See this page for an example that illustrates the issue:
http://en.wikipedia.org/wiki/User:Patrick87/comments

It's not a big problem and there should be only few cases when one actually writes two separate comments on a single line, however formatting shouldn't change depending on if there are only one or two comments on the line.


Version: 1.21.x
Severity: minor

Details

Reference
bz41756

Event Timeline

bzimport raised the priority of this task from to Low.Nov 22 2014, 1:11 AM
bzimport added a project: MediaWiki-Parser.
bzimport set Reference to bz41756.

Another test case:

*a
<!-- x -->
*b
<!-- x --> <!-- y --> <!-- z -->
*c

The PHP parser treats 'a' and 'b' as part of the same list, but item 'c' is treated as a completely different list.

There are other examples of this sort in the parserTests. It's becoming a source of diffs between PHP and Parsoid.

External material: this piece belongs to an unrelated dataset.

(* Let $X$ be an irreducible homogeneous Markov chain on a finite state space $\overline{F}$ with transition matrix $r$ and unique stationary distribution $\eta=(\eta_j:j\in\overline{F})$, and let $\boldsymbol{\alpha}=(\alpha_j:j\in\overline{F})\in[0,1]^{\overline{F}}$ be non-zero. Let $X^{(\boldsymbol{\alpha})}$ be the Markov chain obtained from $X$ by randomized skipping with acceptance probabilities $\boldsymbol{\alpha}$, with transition matrix $r^{(\boldsymbol{\alpha})}=(I-rI_{(1-\boldsymbol{\alpha})})^{-1}rI_{\boldsymbol{\alpha}}$. Then $X^{(\boldsymbol{\alpha})}$ has the unique stationary distribution \[ \eta^{(\boldsymbol{\alpha})}=\big(C^{(\boldsymbol{\alpha})}\big)^{-1}(\eta_j\alpha_j:j\in\overline{F}),\qquad C^{(\boldsymbol{\alpha})}=\sum_{j\in\overline{F}}\eta_j\alpha_j, \] and $\eta^{(\boldsymbol{\alpha})}$ has support $\overline{F}\setminus B(\boldsymbol{\alpha})$, where $B(\boldsymbol{\alpha})=\{j\in\overline{F}:\alpha_j=0\}$.
   Context: $I_{\boldsymbol{\alpha}}$ and $I_{(1-\boldsymbol{\alpha})}$ are the diagonal matrices indexed by $\overline{F}$ with diagonal entries $\alpha_j$, resp. $1-\alpha_j$; $I$ is the identity matrix. Randomized skipping: from current state $i$ a destination $j$ is proposed with probability $r(i,j)$ and accepted, independently of the past given $j$, with probability $\alpha_j$; if accepted the chain moves to $j$; if rejected, the walker makes an imaginary jump to $j$ taking no time and immediately proposes a new destination from row $j$ of $r$, which is again accepted with the corresponding acceptance probability, and so on until a proposal is accepted. *)

theory Defs
  imports "HOL-Analysis.Analysis"
begin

Change 77988 had a related patch set uploaded by Cscott:
Preprocessor: Don't treat a line containing multiple comments as a blank line.

https://gerrit.wikimedia.org/r/77988

Change 78248 had a related patch set uploaded by Cscott:
Add '-m' option to dumpGrepper; add patterns for bug 41756.

https://gerrit.wikimedia.org/r/78248

Change 78248 merged by jenkins-bot:
Add '-m' option to dumpGrepper; add patterns for bug 41756.

https://gerrit.wikimedia.org/r/78248

subbu notes that parsoid accepts both tabs and spaces surrounding the comments. PHP accepts only spaces. Is it worth tweaking my patch to allow PHP to accept tabs as well? I don't think it will make any/much difference to content, but it would be nice to converge the parsers.

I've grepped through the 20130708 enwiki dump looking to see how many pages this change would affect. I found only 414 pages in the article namespace that are affected -- I put the full list at http://en.wikipedia.org/wiki/User:Cscott/bug41756

There are an additional 1,913 articles in the File: Wikimedia: or Portal: namespace which have lines with more than one space-separated comment. These appear to be mostly bot-generated and mostly harmless. I've put this list on the above page as well.

Change 77988 merged by jenkins-bot:
Preprocessor: Don't treat a line containing multiple comments as a blank line.

https://gerrit.wikimedia.org/r/77988

Verified fixed in beta and test.